The club was also a hot spot for musicians, who would often come to watch bands and have drinks.  Notable customers included Jonathan Richman, members of R.E.M., Top Jimmy, Gil T, and Carlos Guitarlos (of  Top Jimmy & The Rhythm Pigs), Billy Bremner of Rockpile, Nino Del Pesco (The Lonesome Strangers), Viki Peterson (of The Bangles), Texacala Jones or Mike Martt (of Tex & the Horseheads), Bernie Bernstein (The Little Kings), Flea (of Red Hot Chili Peppers), Pope, Beck, Mike Savage (of Pigmy Love Circus), Texas Terri, and more with an inside few often invited to stay after hours to party with the infamous Danny "Dobbs" Wilson, founder and booker of the club, and his regular cast of characters which included Bernie the doorman, Autumn the bartender, floor security Clint, Tony T, Dirty Ed, The Pope and sound man Brian "Up-stein" Green.

One could see the likes of Dwarves, Spoon, Fishbone, My Other Side, Meat Puppets, Backbiter, Impatient Youth, Red River, Suplex Slam, The Red Devils/Blue Shadows, DC-3, Rage Against the Machine, Dumpster, Dead, White, and Blue, White Zombie, Haunted Garage, Pennywise, Green Day, The Reverend Horton Heat, Top Jimmy, X, The Muffs, Wetherbell, Texorcist, Circle One, The Gears, The D.I.'s, Adolescents, Dogstar, The Uninvited, The Superkools, Claw Hammer, Two Free Stooges, The Flesh Eaters, Continental Drifters, Kyuss, Buglamp, Cake, The Scraps, Two Bass Hit, The Marigolds, The Jack Brewer Band, The Melodiacs, and The Skulls, among countless others.

The venue sustained a lightning bolt gash near the bar due to the 1994 Northridge earthquake.  The club continued to operate for three months after it was red tagged.  A fire marshall shut the venue down for good and Larry Mann moved his operations to Hell's Gate in the then, dangerous Yucca corridor.  The building was demolished and is now a parking lot for the MTA.

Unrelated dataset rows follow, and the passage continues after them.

lemma integral_p_em_psi_psi:
  assumes "b \<ge> 0" "a \<noteq> 2 * b" "0 \<le> x" "0 \<le> y"
  shows "(\<integral>t0. p_em a t0 * psi b t0 x * psi b t0 y \<partial>lborel) = rho a b x y"
proof -
  define m where "m = min x y"
  define c where "c = 2 * b - a"
  have "c \<noteq> 0" "0 \<le> m"
    using assms by (auto simp: c_def m_def)
  have integrand: "p_em a t * psi b t x * psi b t y
      = indicator {0..m} t * (2 * a * b * exp (- b * (x + y)) * exp (c * t))" for t
  proof (cases "0 \<le> t \<and> t \<le> m")
    case True
    then have "p_em a t * psi b t x * psi b t y
        = a * (sqrt (2 * b) * sqrt (2 * b)) * (exp (- a * t) * exp (- b * (x - t)) * exp (- b * (y - t)))"
      by (simp add: p_em_def psi_def m_def)
    also have "\<dots> = 2 * a * b * exp (- b * (x + y)) * exp (c * t)"
      using assms by (simp add: c_def algebra_simps flip: exp_add)
    finally show ?thesis
      using True by simp
  next
    case False
    then show ?thesis
      by (auto simp: p_em_def psi_def m_def)
  qed
  have "(\<integral>t0. p_em a t0 * psi b t0 x * psi b t0 y \<partial>lborel)
      = (\<integral>t\<in>{0..m}. 2 * a * b * exp (- b * (x + y)) * exp (c * t) \<partial>lborel)"
    unfolding integrand set_lebesgue_integral_def by simp
  also have "\<dots> = integral {0..m} (\<lambda>t. 2 * a * b * exp (- b * (x + y)) * exp (c * t))"
    by (intro set_integral_Icc_eq_integral continuous_intros)
  also have "\<dots> = 2 * a * b * exp (- b * (x + y)) * ((exp (c * m) - 1) / c)"
    using has_integral_exp_mult[OF \<open>c \<noteq> 0\<close> \<open>0 \<le> m\<close>] by (simp add: integral_unique)
  finally show ?thesis
    by (simp add: rho_def c_def m_def)
qed


lemma p_dens_eq_rho:
  assumes "b \<ge> 0" "a \<noteq> 2 * b" "t \<ge> 0"
  shows "p_dens \<eta> a b t = \<eta> * rho a b t t"
proof -
  have "(\<integral>t0\<in>{0..}. p_em a t0 * (psi b t0 t)\<^sup>2 \<partial>lborel)
      = (\<integral>t0. p_em a t0 * psi b t0 t * psi b t0 t \<partial>lborel)"
    unfolding set_lebesgue_integral_def
    by (intro Bochner_Integration.integral_cong) (auto simp: p_em_def power2_eq_square)
  with integral_p_em_psi_psi[OF assms(1,2,3,3)] show ?thesis
    by (simp add: p_dens_def)
qed


lemma rho_commute: "rho a b x y = rho a b y x"
  by (simp add: rho_def min.commute add.commute)

lemma continuous_on_rho [continuous_intros]:
  assumes "continuous_on S f" "continuous_on S g"
  shows "continuous_on S (\<lambda>s. rho a b (f s) (g s))"
  unfolding rho_def by (intro continuous_intros assms)

lemma rho_diag_pos:
  assumes "a > 0" "b > 0" "a \<noteq> 2 * b" "t > 0"
  shows "rho a b t t > 0"
proof -
  have "(exp ((2 * b - a) * t) - 1) / (2 * b - a) > 0"
  proof (cases "2 * b - a > 0")
    case True
    then show ?thesis
      using assms by simp
  next
    case False
    then have "2 * b - a < 0"
      using assms by simp
    moreover from this have "exp ((2 * b - a) * t) < 1"
      using assms by (simp add: mult_neg_pos)
    ultimately show ?thesis
      by (simp add: divide_neg_neg)
  qed
  moreover have "2 * a * b * exp (- b * (t + t)) > 0"
    using assms by simp
  moreover have "rho a b t t = 2 * a * b * exp (- b * (t + t)) * ((exp ((2 * b - a) * t) - 1) / (2 * b - a))"
    by (simp add: rho_def)
  ultimately show ?thesis
    by (metis mult_pos_pos)
qed

lemma rho_diag_nonneg:
  assumes "a > 0" "b > 0" "a \<noteq> 2 * b" "t \<ge> 0"
  shows "rho a b t t \<ge> 0"
  using rho_diag_pos[OF assms(1-3), of t] assms(4) by (cases "t = 0") (auto simp: rho_def)

lemma p_det_eq_integral_rho:
  assumes "b \<ge> 0" "a \<noteq> 2 * b"
  shows "p_det \<eta> a b T = \<eta> * (\<integral>t. indicator {0..T} t * rho a b t t \<partial>lborel)"
proof -
  have "p_det \<eta> a b T = (\<integral>t. \<eta> * (indicator {0..T} t * rho a b t t) \<partial>lborel)"
    unfolding p_det_def set_lebesgue_integral_def
    by (intro Bochner_Integration.integral_cong) (auto simp: p_dens_eq_rho assms indicator_def)
  then show ?thesis
    by simp
qed

lemma p_det_pos:
  assumes "a > 0" "b > 0" "a \<noteq> 2 * b" "\<eta> > 0" "T > 0"
  shows "p_det \<eta> a b T > 0"
proof -
  have "(\<integral>t. indicator {0..T} t * rho a b t t \<partial>lborel) > 0"
  proof (rule integral_pos_if_pos_on_set[where A = "{0<..<T}"])
    have "continuous_on {0..T} (\<lambda>t. rho a b t t)"
      by (intro continuous_intros)
    from borel_integrable_compact[OF compact_Icc this]
    show "integrable lborel (\<lambda>t. indicator {0..T} t * rho a b t t)"
      by simp
    show "AE t in lborel. 0 \<le> indicator {0..T} t * rho a b t t"
      using rho_diag_nonneg[OF assms(1-3)] by (simp add: indicator_def)
    show "0 < indicator {0..T} t * rho a b t t" if "t \<in> {0<..<T}" for t
      using rho_diag_pos[OF assms(1-3)] that by simp
  qed (use assms in simp_all)
  then show ?thesis
    using assms by (simp add: p_det_eq_integral_rho)
qed

section \<open>Coincidence integrals\<close>

definition coincidence_window :: "real \<Rightarrow> real \<Rightarrow> (real \<times> real) set" where
  "coincidence_window T \<tau> =
     {s. 0 \<le> fst s \<and> fst s \<le> T \<and> 0 \<le> snd s \<and> snd s \<le> T \<and> \<bar>fst s - snd s\<bar> \<le> \<tau>}"

lemma compact_coincidence_window: "compact (coincidence_window T \<tau>)"
proof -
  have "coincidence_window T \<tau> = ({0..T} \<times> {0..T}) \<inter> {s. \<bar>fst s - snd s\<bar> \<le> \<tau>}"
    by (auto simp: coincidence_window_def)
  moreover have "closed {s :: real \<times> real. \<bar>fst s - snd s\<bar> \<le> \<tau>}"
    by (intro closed_Collect_le continuous_intros)
  ultimately show ?thesis
    by (simp add: compact_Int_closed compact_Times)
qed

lemma coincidence_window_in_borel [measurable]: "coincidence_window T \<tau> \<in> sets borel"
  by (simp add: borel_closed compact_imp_closed compact_coincidence_window)

lemma coincidence_window_in_sets_pair [measurable]:
  "coincidence_window T \<tau> \<in> sets (lborel \<Otimes>\<^sub>M lborel)"
  using coincidence_window_in_borel by (simp only: lborel_prod sets_lborel)

lemma integrable_coincidence_window:
  fixes h :: "real \<times> real \<Rightarrow> real"
  assumes "continuous_on (coincidence_window T \<tau>) h"
  shows "integrable lborel (\<lambda>s. indicator (coincidence_window T \<tau>) s * h s)"
  using borel_integrable_compact[OF compact_coincidence_window assms] by simp

definition incoherent_coincidence :: "real \<Rightarrow> real \<Rightarrow> real \<Rightarrow> real \<Rightarrow> real" where
  "incoherent_coincidence a b T \<tau> =
     (\<integral>s. indicator (coincidence_window T \<tau>) s * (rho a b (fst s) (fst s) * rho a b (snd s) (snd s)) \<partial>lborel)"

definition coherent_coincidence :: "real \<Rightarrow> real \<Rightarrow> real \<Rightarrow> real \<Rightarrow> real" where
  "coherent_coincidence a b T \<tau> =
     (\<integral>s. indicator (coincidence_window T \<tau>) s * (rho a b (fst s) (snd s))\<^sup>2 \<partial>lborel)"

lemma incoherent_coincidence_pos:
  assumes "a > 0" "b > 0" "a \<noteq> 2 * b" "0 < \<tau>" "\<tau> \<le> T"
  shows "incoherent_coincidence a b T \<tau> > 0"
  unfolding incoherent_coincidence_def
proof (rule integral_pos_if_pos_on_set[where A = "{0<..<\<tau>} \<times> {0<..<\<tau>}"])
  show "integrable lborel
      (\<lambda>s. indicator (coincidence_window T \<tau>) s * (rho a b (fst s) (fst s) * rho a b (snd s) (snd s)))"
    by (intro integrable_coincidence_window continuous_intros)
  have "0 \<le> indicator (coincidence_window T \<tau>) s * (rho a b (fst s) (fst s) * rho a b (snd s) (snd s))" for s
    using rho_diag_nonneg[OF assms(1-3), of "fst s"] rho_diag_nonneg[OF assms(1-3), of "snd s"]
    by (simp add: indicator_def coincidence_window_def)
  then show "AE s in lborel. 0 \<le> indicator (coincidence_window T \<tau>) s * (rho a b (fst s) (fst s) * rho a b (snd s) (snd s))"
    by simp
  show "{0<..<\<tau>} \<times> {0<..<\<tau>} \<in> sets (lborel :: (real \<times> real) measure)"
    by (simp add: lborel_prod[symmetric])
  have "emeasure (lborel :: (real \<times> real) measure) ({0<..<\<tau>} \<times> {0<..<\<tau>}) = ennreal \<tau> * ennreal \<tau>"
    unfolding lborel_prod[symmetric] using assms by (subst lborel.emeasure_pair_measure_Times) auto
  then show "emeasure (lborel :: (real \<times> real) measure) ({0<..<\<tau>} \<times> {0<..<\<tau>}) > 0"
    using assms by (simp add: ennreal_mult[symmetric])
  show "0 < indicator (coincidence_window T \<tau>) s * (rho a b (fst s) (fst s) * rho a b (snd s) (snd s))"
    if "s \<in> {0<..<\<tau>} \<times> {0<..<\<tau>}" for s
  proof -
    have "s \<in> coincidence_window T \<tau>"
      using that assms by (auto simp: coincidence_window_def)
    then show ?thesis
      using that rho_diag_pos[OF assms(1-3), of "fst s"] rho_diag_pos[OF assms(1-3), of "snd s"] by auto
  qed
qed

lemma p_det_sq_mult_p_phph:
  assumes "b \<ge> 0" "a \<noteq> 2 * b" "p_det \<eta> a b T \<noteq> 0"
  shows "(p_det \<eta> a b T)\<^sup>2 * p_phph \<eta> a b T \<tau> = \<eta>\<^sup>2 * incoherent_coincidence a b T \<tau>"
proof -
  define W where "W = coincidence_window T \<tau>"
  have integrand: "indicator {x. \<bar>fst x - snd x\<bar> \<le> \<tau>} s *\<^sub>R (p_T \<eta> a b T (fst s) * p_T \<eta> a b T (snd s))
      = \<eta>\<^sup>2 / (p_det \<eta> a b T)\<^sup>2
        * (indicator W s * (rho a b (fst s) (fst s) * rho a b (snd s) (snd s)))" for s
    using assms
    by (cases "s \<in> W") (auto simp: W_def coincidence_window_def p_T_def indicator_def
        p_dens_eq_rho power2_eq_square)
  have "p_phph \<eta> a b T \<tau> = \<eta>\<^sup>2 / (p_det \<eta> a b T)\<^sup>2 * incoherent_coincidence a b T \<tau>"
    unfolding p_phph_def set_lebesgue_integral_def integrand incoherent_coincidence_def W_def by simp
  with assms(3) show ?thesis
    by simp
qed

definition P_same_integrand :: "real \<Rightarrow> real \<Rightarrow> real \<times> real \<Rightarrow> real \<times> real \<Rightarrow> real" where
  "P_same_integrand a b e s = p_em a (fst e) * p_em a (snd e) *
     (psi b (fst e) (fst s) * psi b (snd e) (snd s) - psi b (fst e) (snd s) * psi b (snd e) (fst s))\<^sup>2"

lemma P_same_integrand_eq_0:
  "e \<notin> {0..} \<times> {0..} \<Longrightarrow> P_same_integrand a b e s = 0"
  by (cases e) (auto simp: P_same_integrand_def p_em_def)

lemma P_same_eq_iterated_integral:
  "P_same \<eta> a b T \<tau> = \<eta>\<^sup>2 / 4 *
     (\<integral>e. \<integral>s. indicator (coincidence_window T \<tau>) s * P_same_integrand a b e s \<partial>lborel \<partial>lborel)"
proof -
  have absorb: "indicator ({0..} \<times> {0..}) e *
      (\<integral>s. indicator (coincidence_window T \<tau>) s * P_same_integrand a b e s \<partial>lborel)
    = (\<integral>s. indicator (coincidence_window T \<tau>) s * P_same_integrand a b e s \<partial>lborel)" for e
    by (cases "e \<in> {0..} \<times> {0..}") (simp_all add: P_same_integrand_eq_0)
  show ?thesis
    unfolding P_same_def set_lebesgue_integral_def P_same_integrand_def[symmetric]
      coincidence_window_def[symmetric] real_scaleR_def absorb ..
qed

lemma integral_P_same_integrand:
  assumes "a > 0" "b \<ge> 0" "a \<noteq> 2 * b" "0 \<le> x" "0 \<le> y"
  shows "(\<integral>e. P_same_integrand a b e (x, y) \<partial>lborel) = 2 * (rho a b x x * rho a b y y - (rho a b x y)\<^sup>2)"
proof -
  define w where "w u v t = p_em a t * psi b t u * psi b t v" for u v t
  define P where "P u v u' v' = (\<lambda>(e1, e2). w u v e1 * w u' v' e2)" for u v u' v'
  have w_int: "integrable lborel (w u v)" for u v
    unfolding w_def using assms by (intro integrable_p_em_psi_psi)
  have P_int: "integrable (lborel \<Otimes>\<^sub>M lborel) (P u v u' v')" for u v u' v'
    unfolding P_def by (intro lborel_pair.integrable_product_mult w_int)
  have w_integral: "integral\<^sup>L lborel (w u v) = rho a b u v" if "0 \<le> u" "0 \<le> v" for u v
    unfolding w_def using assms(2,3) that by (rule integral_p_em_psi_psi)
  have P_integral: "integral\<^sup>L (lborel \<Otimes>\<^sub>M lborel) (P u v u' v') = rho a b u v * rho a b u' v'"
    if "0 \<le> u" "0 \<le> v" "0 \<le> u'" "0 \<le> v'" for u v u' v'
    unfolding P_def lborel_pair.integral_product_mult[OF w_int w_int] using that by (simp add: w_integral)
  have integrand: "P_same_integrand a b e (x, y) = P x x y y e + P y y x x e - 2 * P x y x y e" for e
    by (cases e) (simp add: P_same_integrand_def P_def w_def power2_eq_square algebra_simps)
  have "(\<integral>e. P x x y y e + P y y x x e - 2 * P x y x y e \<partial>(lborel \<Otimes>\<^sub>M lborel))
      = rho a b x x * rho a b y y + rho a b y y * rho a b x x - 2 * (rho a b x y * rho a b x y)"
    using P_int assms by (simp add: P_integral)
  then show ?thesis
    unfolding integrand lborel_prod[symmetric] by (simp add: power2_eq_square)
qed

The Ski Room, a bar located at 5851 Sunset Blvd., a few blocks away from the club's former location, was renamed Raji's and run by the same family that ran the club in its last two years, until 2004, when it closed due to the gentrification of central Hollywood.
It's now called The Bar.

Danny "Dobbs" Wilson died in 2010.

Some scenes from Chris Cornell's 1999 music video "Can't Change Me" were shot at the club.